St Johnstone 0-4 Celtic
- Published
Celtic broke their own 100-year-old British record of 62 domestic games without defeat with a convincing win over dogged but toothless St Johnstone.
Brendan Rodgers' side dominated possession before Scott Sinclair side-footed home Stuart Armstrong's low corner just before the half hour.
It was one-way traffic thereafter in Perth and Moussa Dembele fired in from close range with 18 minutes remaining.
Steven Anderson's own goal and Olivier Ntcham's strike completed a famous day.
St Johnstone, who started the day sixth in the table, were the last Scottish team to defeat the Premiership leaders and drew 1-1 in their most recent meeting.
But Tommy Wright's injury-hit side went into this encounter without a goal in a run of five games without a win and against a team who had only conceded six times in their opening 11 league matches this season - their best start to a season since 2003-04.
The Perth side had been unable to muster a win in five meetings with Celtic since that 2016 win at McDiarmid Park, losing four in a row until that August draw in Glasgow, and never looked like denying Rodgers' side another significant milestone.
You get the feeling the weight of history sits fairly comfortably on the shoulders of the Celtic players.
After becoming treble-winning invincibles last year, the domestic unbeaten run record was simply another step in their quest to steamroller mercilessly over the rest of Scottish football.
Rodgers was taking no chances though and named the same 11 who had impressed in the midweek Champions League defeat by Bayern Munich.
In stark contrast, they were facing a St Johnstone side who had failed to find the net since the end of September - it was a fixture that screamed away win.
Celtic took control as expected, but despite early waves of attack in the Perthshire sunshine, the home side stood firm.
Dembele and Sinclair linked up well inside the box and looked dangerous, but Celtic were giving the Saints the odd sniff in the form of some central-defensive mix-ups.
Celtic's patience this year has been every bit as deadly as their high press. They push and probe and bide their time, knowing the chances will come.
Armstrong fired in a low corner from the right-hand side and Sinclair was deadly from five yards out, sweeping the ball past goalkeeper Zander Clark to secure the lead.
It was the cue for the travelling support to start their party and, as the fans increased the noise levels, the Celtic players responded and upped the tempo.
In the late autumn sunshine, St Johnstone were left chasing shadows.
So it continued into the second half and Aaron Comrie was forced to header off the line and on to the bar from a Dedryck Boyata header.
In the rare St Johnstone forays forward, they lacked belief and conviction and a Celtic back line, which at times looked a little shaky, was rarely threatened.
The new record was in the bag midway through the second half when the green and white machine once again breached the wall of blue.
Armstrong powered down the left-hand side and his cross was delicately clipped in from close range by Dembele.
The celebrations were barely over when Anderson turned the ball into his own net to compound the home side's misery.

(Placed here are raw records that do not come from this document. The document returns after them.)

(* Let $n\ge2$ and let $A$ be an $n\times n$ irreducible completely positive matrix whose graph $G(A)$ is triangle free. Then the following are equivalent: (a) the comparison matrix $M(A)$ is singular; (b) $A$ has a unique CP factorization; (c) $A$ has a unique minimal CP factorization.
   Context: A symmetric $n\times n$ matrix $A$ is completely positive if $A=BB^T$ for some entrywise nonnegative $n\times k$ matrix $B$; such an equality is a CP factorization of $A$. Only CP factorizations in which the columns of $B$ are pairwise linearly independent are considered, and two CP factorizations $A=BB^T=CC^T$ are considered equal if $C=BP$ for a permutation matrix $P$. The cp-rank of $A$ is the minimal number of columns of such a nonnegative $B$; a CP factorization with that many columns is called minimal. The graph $G(A)$ of a symmetric $n\times n$ matrix $A$ has vertex set $\{1,\dots,n\}$, with $\{i,j\}$ ($i\ne j$) an edge iff $a_{ij}\ne 0$; $A$ is irreducible iff $G(A)$ is connected. A graph is triangle free if it contains no clique on three vertices. The comparison matrix $M(A)$ of a square matrix $A$ is given by $M(A)_{ii}=|a_{ii}|$ and $M(A)_{ij}=-|a_{ij}|$ for $i\ne j$. *)

theory Defs
  imports "HOL-Analysis.Analysis"
begin

text \<open>An n x k matrix B is represented by its entries B i j, i :: 'n (row), j < k (column).
  B B^T has entries (sum j<k. B i j * B i' j).\<close>

definition nonneg_factor :: "real^'n^'n \<Rightarrow> nat \<Rightarrow> ('n \<Rightarrow> nat \<Rightarrow> real) \<Rightarrow> bool" where
  "nonneg_factor A k B \<longleftrightarrow>
     (\<forall>i. \<forall>j<k. 0 \<le> B i j) \<and>
     (\<forall>i i'. A $ i $ i' = (\<Sum>j<k. B i j * B i' j))"

definition completely_positive :: "real^'n^'n \<Rightarrow> bool" where
  "completely_positive A \<longleftrightarrow> (\<exists>k B. nonneg_factor A k B)"

definition cols_lin_dep :: "('n \<Rightarrow> nat \<Rightarrow> real) \<Rightarrow> nat \<Rightarrow> nat \<Rightarrow> bool" where
  "cols_lin_dep B j l \<longleftrightarrow> (\<exists>a b. (a \<noteq> 0 \<or> b \<noteq> 0) \<and> (\<forall>i. a * B i j + b * B i l = 0))"

definition cp_factorization :: "real^'n^'n \<Rightarrow> nat \<Rightarrow> ('n \<Rightarrow> nat \<Rightarrow> real) \<Rightarrow> bool" where
  "cp_factorization A k B \<longleftrightarrow> nonneg_factor A k B \<and>
     (\<forall>j<k. \<forall>l<k. j \<noteq> l \<longrightarrow> \<not> cols_lin_dep B j l)"

definition same_factorization :: "nat \<Rightarrow> ('n \<Rightarrow> nat \<Rightarrow> real) \<Rightarrow> nat \<Rightarrow> ('n \<Rightarrow> nat \<Rightarrow> real) \<Rightarrow> bool" where
  "same_factorization k B k' C \<longleftrightarrow> k = k' \<and>
     (\<exists>p. p permutes {..<k} \<and> (\<forall>i. \<forall>j<k. C i j = B i (p j)))"

definition cp_rank :: "real^'n^'n \<Rightarrow> nat" where
  "cp_rank A = (LEAST k. \<exists>B. nonneg_factor A k B)"

definition minimal_cp_factorization :: "real^'n^'n \<Rightarrow> nat \<Rightarrow> ('n \<Rightarrow> nat \<Rightarrow> real) \<Rightarrow> bool" where
  "minimal_cp_factorization A k B \<longleftrightarrow> cp_factorization A k B \<and> k = cp_rank A"

definition unique_cp_factorization :: "real^'n^'n \<Rightarrow> bool" where
  "unique_cp_factorization A \<longleftrightarrow> (\<exists>k B. cp_factorization A k B) \<and>
     (\<forall>k B k' C. cp_factorization A k B \<and> cp_factorization A k' C \<longrightarrow> same_factorization k B k' C)"

definition unique_minimal_cp_factorization :: "real^'n^'n \<Rightarrow> bool" where
  "unique_minimal_cp_factorization A \<longleftrightarrow> (\<exists>k B. minimal_cp_factorization A k B) \<and>
     (\<forall>k B k' C. minimal_cp_factorization A k B \<and> minimal_cp_factorization A k' C
        \<longrightarrow> same_factorization k B k' C)"

definition graph_edge :: "real^'n^'n \<Rightarrow> 'n \<Rightarrow> 'n \<Rightarrow> bool" where
  "graph_edge A i j \<longleftrightarrow> i \<noteq> j \<and> A $ i $ j \<noteq> 0"

definition irreducible_mat :: "real^'n^'n \<Rightarrow> bool" where
  "irreducible_mat A \<longleftrightarrow> (\<forall>i j. (graph_edge A)\<^sup>*\<^sup>* i j)"

definition triangle_free_graph :: "real^'n^'n \<Rightarrow> bool" where
  "triangle_free_graph A \<longleftrightarrow>
     \<not> (\<exists>i j l. graph_edge A i j \<and> graph_edge A j l \<and> graph_edge A i l)"

definition comparison_matrix :: "real^'n^'n \<Rightarrow> real^'n^'n" where
  "comparison_matrix A = (\<chi> i j. if i = j then \<bar>A $ i $ i\<bar> else - \<bar>A $ i $ j\<bar>)"

end

theory Submission
  imports Defs "HOL-Library.Multiset"
begin

(*
  Record a CP factorization by the set of its columns. Since G(A) is triangle free, each column
  is supported on an edge {p,q} (or a vertex), and y^T M(A) y is the sum over the columns of the
  squares (c_p y_p - c_q y_q)^2.

  If M(A) is singular, the sign pattern of this form along the connected graph yields a positive
  kernel vector z, and then c_p z_p = c_q z_q together with c_p c_q = a_pq determines every
  column: the factorization is unique.

  If M(A) is nonsingular, every set of columns can be changed without changing its size. When the
  support of one column lies in that of another, rotate the two columns by a small angle.
  Otherwise each edge carries exactly one column c, and the ratios c_p / c_q are not the
  quotients y_q / y_p of a positive potential y (that y would lie in the kernel of M(A)). Hence
  some cycle of G(A) has ratio product below 1, and along it the columns can be deformed, keeping
  the products c_p c_q and the diagonal of A, by a second periodic orbit of a composition of
  Moebius maps.
*)

section \<open>Factorizations as sets of columns\<close>

definition lin_dep_pair :: "('n \<Rightarrow> real) \<Rightarrow> ('n \<Rightarrow> real) \<Rightarrow> bool" where
  "lin_dep_pair u w \<longleftrightarrow> (\<exists>a b. (a \<noteq> 0 \<or> b \<noteq> 0) \<and> (\<forall>i. a * u i + b * w i = 0))"

definition cp_columns :: "real^'n^'n \<Rightarrow> ('n \<Rightarrow> real) set \<Rightarrow> bool" where
  "cp_columns A S \<longleftrightarrow> finite S \<and> (\<forall>c\<in>S. \<forall>i. 0 \<le> c i) \<and>
     (\<forall>c\<in>S. \<forall>d\<in>S. c \<noteq> d \<longrightarrow> \<not> lin_dep_pair c d) \<and>
     (\<forall>i i'. A $ i $ i' = (\<Sum>c\<in>S. c i * c i'))"

definition factor_columns :: "nat \<Rightarrow> ('n \<Rightarrow> nat \<Rightarrow> real) \<Rightarrow> ('n \<Rightarrow> real) list" where
  "factor_columns k B = map (\<lambda>j i. B i j) [0..<k]"

lemma lin_dep_pair_refl: "lin_dep_pair c c"
  unfolding lin_dep_pair_def by (rule exI[of _ 1], rule exI[of _ "-1"]) simp

lemma cols_lin_dep_iff: "cols_lin_dep B j l \<longleftrightarrow> lin_dep_pair (\<lambda>i. B i j) (\<lambda>i. B i l)"
  by (simp add: cols_lin_dep_def lin_dep_pair_def)

lemma nth_factor_columns: "j < k \<Longrightarrow> factor_columns k B ! j = (\<lambda>i. B i j)"
  by (simp add: factor_columns_def)

lemma length_factor_columns [simp]: "length (factor_columns k B) = k"
  by (simp add: factor_columns_def)

lemma set_factor_columns: "set (factor_columns k B) = (\<lambda>j i. B i j) ` {..<k}"
  by (auto simp: factor_columns_def)

lemma sum_factor_columns: "(\<Sum>j<k. f (\<lambda>i. B i j)) = sum_list (map f (factor_columns k B))"
  by (simp add: factor_columns_def sum_set_upt_conv_sum_list_nat[symmetric] atLeast0LessThan)

lemma nonneg_factor_columns_sum:
  assumes "nonneg_factor A k B"
  shows "A $ i $ i' = sum_list (map (\<lambda>c. c i * c i') (factor_columns k B))"
  using assms sum_factor_columns[where f = "\<lambda>c. c i * c i'" and k = k and B = B]
  by (simp add: nonneg_factor_def)

lemma cp_factorization_columns:
  assumes "cp_factorization A k B"
  shows "distinct (factor_columns k B)" and "cp_columns A (set (factor_columns k B))"
proof -
  have nf: "nonneg_factor A k B" and indep: "\<forall>j<k. \<forall>l<k. j \<noteq> l \<longrightarrow> \<not> cols_lin_dep B j l"
    using assms unfolding cp_factorization_def by auto
  show dist: "distinct (factor_columns k B)"
  proof (rule distinct_conv_nth[THEN iffD2], intro allI impI)
    fix j l assume "j < length (factor_columns k B)" "l < length (factor_columns k B)" "j \<noteq> l"
    then have "j < k" "l < k" "\<not> lin_dep_pair (\<lambda>i. B i j) (\<lambda>i. B i l)"
      using indep by (auto simp: cols_lin_dep_iff)
    then show "factor_columns k B ! j \<noteq> factor_columns k B ! l"
      by (auto simp: nth_factor_columns lin_dep_pair_refl)
  qed
  show "cp_columns A (set (factor_columns k B))"
    unfolding cp_columns_def
  proof (intro conjI ballI allI impI)
    show "finite (set (factor_columns k B))" by simp
  next
    fix c i assume "c \<in> set (factor_columns k B)"
    then show "0 \<le> c i" using nf by (auto simp: set_factor_columns nonneg_factor_def)
  next
    fix c d assume "c \<in> set (factor_columns k B)" "d \<in> set (factor_columns k B)" "c \<noteq> d"
    then obtain j l where "j < k" "l < k" "c = (\<lambda>i. B i j)" "d = (\<lambda>i. B i l)"
      by (auto simp: set_factor_columns)
    then show "\<not> lin_dep_pair c d" using indep \<open>c \<noteq> d\<close> by (auto simp: cols_lin_dep_iff)
  next
    fix i i'
    show "A $ i $ i' = (\<Sum>c\<in>set (factor_columns k B). c i * c i')"
      using nonneg_factor_columns_sum[OF nf] dist by (simp add: sum_list_distinct_conv_sum_set)
  qed
qed

lemma card_factor_columns_cp_factorization:
  assumes "cp_factorization A k B"
  shows "card (set (factor_columns k B)) = k"
  using cp_factorization_columns(1)[OF assms] by (simp add: distinct_card)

It was exhibition stuff for the league leaders after that as they toyed with and tormented St Johnstone with slick one-touch football that was a joy to watch.
When substitute Ntcham drilled in number four at the end of another fabulous passage of play, a century-old record was smashed.
At the end, they took their bow in front of the thousands who had come to watch history. Sixty three and counting.